SGR an invaluable learning chance, say local workers
By Vincent Achuka | Updated Sat, May 20th 2017 at 00:00 GMT +3
Transport Principal Secretary Paul Mwangi gets into a SGR locomotive engine at the Port of Mombasa soon after it was off loaded. (Photo: Gideon Maundu/Standard)
Before joining the Standard Gauge Railway (SGR) construction three years ago, 46-year-old Robert Karisa was a mason. Last week he was supervising last-minute engineering works for a drainage section at section 9 near Voi ahead of the launch of the project in two weeks.
Hired to lay bricks when the project started in 2013, the mason from Malindi who only had a grade two certificate from a local polytechnic learnt and worked his way up as works progressed. He now issues instructions to the 40 people working under him.
“I trained myself from grade 3 to grade 1 and later through learning while on the project I gained enough knowledge that the company made me an engineer,” he says. He adds, “I may not have a university degree but the knowledge I have gained from working with the best in the world puts me at par with the rest.”
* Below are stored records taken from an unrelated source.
lemma rotate_last_to_mean:
  fixes v :: "nat \<Rightarrow> complex^'n"
  assumes mean: "(\<Sum>k<Suc M. norm (v k)^2) = real (Suc M) * c"
  shows "\<exists>w. norm (w M)^2 = c \<and> (\<Sum>k<Suc M. norm (w k)^2) = (\<Sum>k<Suc M. norm (v k)^2)
           \<and> (\<Sum>k<Suc M. outer (w k)) = (\<Sum>k<Suc M. outer (v k))"
proof (cases "norm (v M)^2 = c")
  case True
  then show ?thesis by blast
next
  case False
  from opposite_side_of_mean[of "\<lambda>k. norm (v k)^2", OF mean False]
  obtain j where j: "j < M" "(norm (v j)^2 - c) * (norm (v M)^2 - c) \<le> 0" by blast
  define x where "x = v j"
  define y where "y = v M"
  obtain t where t: "norm ((- sin t) *\<^sub>R x + cos t *\<^sub>R y)^2 = c"
    using rotation_hits_level[of x c y] j(2) by (auto simp: x_def y_def)
  define w where "w = v(j := cos t *\<^sub>R x + sin t *\<^sub>R y, M := (- sin t) *\<^sub>R x + cos t *\<^sub>R y)"
  have "j \<noteq> M" using j by simp
  have "(\<Sum>k<Suc M. norm (w k)^2) = (\<Sum>k<Suc M. norm (v k)^2)"
    by (rule sum_change_two[where j=j and m=M])
      (use j \<open>j \<noteq> M\<close> norm_rotation[of t x y] in \<open>auto simp: w_def x_def y_def\<close>)
  moreover have "(\<Sum>k<Suc M. outer (w k)) = (\<Sum>k<Suc M. outer (v k))"
    by (rule sum_change_two[where j=j and m=M])
      (use j \<open>j \<noteq> M\<close> outer_rotation[of t x y] in \<open>auto simp: w_def x_def y_def\<close>)
  moreover have "norm (w M)^2 = c" using t by (simp add: w_def)
  ultimately show ?thesis by blast
qed

lemma equalize_norms:
  fixes v :: "nat \<Rightarrow> complex^'n"
  shows "(\<Sum>k<M. norm (v k)^2) = real M * c \<Longrightarrow>
    \<exists>u. (\<forall>k<M. norm (u k)^2 = c) \<and> (\<Sum>k<M. outer (u k)) = (\<Sum>k<M. outer (v k))"
proof (induction M arbitrary: v)
  case 0
  then show ?case by auto
next
  case (Suc M)
  from rotate_last_to_mean[OF Suc(2)] obtain w where
    w: "norm (w M)^2 = c" "(\<Sum>k<Suc M. norm (w k)^2) = (\<Sum>k<Suc M. norm (v k)^2)"
       "(\<Sum>k<Suc M. outer (w k)) = (\<Sum>k<Suc M. outer (v k))" by blast
  have "(\<Sum>k<M. norm (w k)^2) = real M * c"
    using w(1,2) Suc(2) by (simp add: algebra_simps)
  from Suc(1)[OF this] obtain u where
    u: "\<forall>k<M. norm (u k)^2 = c" "(\<Sum>k<M. outer (u k)) = (\<Sum>k<M. outer (w k))" by blast
  have "(\<Sum>k<Suc M. outer ((u(M := w M)) k)) = (\<Sum>k<Suc M. outer (w k))"
    using u(2) by simp
  then show ?case using w(1,3) u(1)
    by (intro exI[of _ "u(M := w M)"]) (auto simp: less_Suc_eq)
qed

lemma norm_sq_vec: "norm (v :: complex^'n) ^ 2 = (\<Sum>i\<in>UNIV. (cmod (v$i))^2)"
  by (simp add: norm_vec_def L2_set_def sum_nonneg)

lemma trace_outer: "trace (outer v) = complex_of_real (norm v ^ 2)"
  unfolding trace_def outer_def norm_sq_vec by (simp add: complex_mult_cnj cmod_power2)

lemma trace_sum: "trace (\<Sum>k\<in>A. B k) = (\<Sum>k\<in>A. trace (B k))"
  unfolding trace_def by (simp add: sum.swap[of _ A])

lemma outer_scaleR: "outer (r *\<^sub>R u) = (r^2) *\<^sub>R outer u"
  unfolding outer_def vec_eq_iff
  by (simp add: vector_scaleR_component power2_eq_square del: scaleR_conv_of_real)

(* unit vectors exist; needed for the degenerate case Sigma = 0 *)
lemma norm_axis_one: "norm (axis i (1::complex)) = 1"
proof -
  have "(\<Sum>j\<in>UNIV. (cmod (axis i (1::complex) $ j))^2) = 1"
    by (simp add: axis_def if_distrib[of "\<lambda>z. (cmod z)^2"] cong: if_cong)
  then have "norm (axis i (1::complex)) ^ 2 = 1" by (simp add: norm_sq_vec)
  then show ?thesis by (simp add: power2_eq_1_iff)
qed

lemma psd_equal_norm_decomposition:
  fixes S :: "complex^'n^'n"
  assumes "psd S" "rank S \<le> M"
  shows "\<exists>u. (\<forall>k<M. complex_of_real (norm (u k)^2) = trace S / of_nat M)
             \<and> S = (\<Sum>k<M. outer (u k))"
proof -
  obtain v where v: "S = (\<Sum>k<M. outer (v k))" using psd_sum_outer[OF assms] by blast
  define c where "c = (\<Sum>k<M. norm (v k)^2) / real M"
  have tr: "trace S = complex_of_real (\<Sum>k<M. norm (v k)^2)"
    unfolding v trace_sum trace_outer by simp
  show ?thesis
  proof (cases "M = 0")
    case True
    then show ?thesis using v by simp
  next
    case False
    then have "(\<Sum>k<M. norm (v k)^2) = real M * c" by (simp add: c_def)
    from equalize_norms[OF this] obtain u where
      "\<forall>k<M. norm (u k)^2 = c" "(\<Sum>k<M. outer (u k)) = (\<Sum>k<M. outer (v k))" by blast
    then show ?thesis using v tr by (intro exI[of _ u]) (simp add: c_def)
  qed
qed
On the day we visited he was supervising renovation of drainages and a fence, a role which at the beginning of the project would have been assigned to a Chinese engineer.
He is not alone. Some 120 years since the British imported 30,000 Indians to build the metre gauge railway because of their experience, the thousands of Kenyans who have been at the centre of Kenya’s most ambitious infrastructure project were forced to learn on the job.
Train first
Through China Road and Bridge Company’s (CRBC) policy of “train first and deploy later,” the railway has been an interface for knowledge transfer between the world’s second largest economy and East Africa’s largest economy. This policy saying “Unskilled worker today, engineer tomorrow” is largely displayed at the entrance of Mtitu Rail Girders and Sleepers factory, which is 253 kilometres from Mombasa on the SGR.
This factory, which was the nerve centre of the whole project produced some 600 bridge sections and 12,000 track sections that went to the railway, which will be launched by President Uhuru Kenyatta on June 1. But most importantly are the skills that the over 25,000 Kenyans employed on the railway learnt. “We have an elaborate training programme after which trainees are awarded a certificate to remain relevant even after the project,” says Julius Li, external resources manager of CRBC.
“This is part of the key objectives of the contract we signed with government,” he says. Jacob Mutua, who has a degree in mining and processing engineering from the Jomo Kenyatta University of Agriculture and Technology (JKUAT) was first taken to Shanghai, China for further training before being hired.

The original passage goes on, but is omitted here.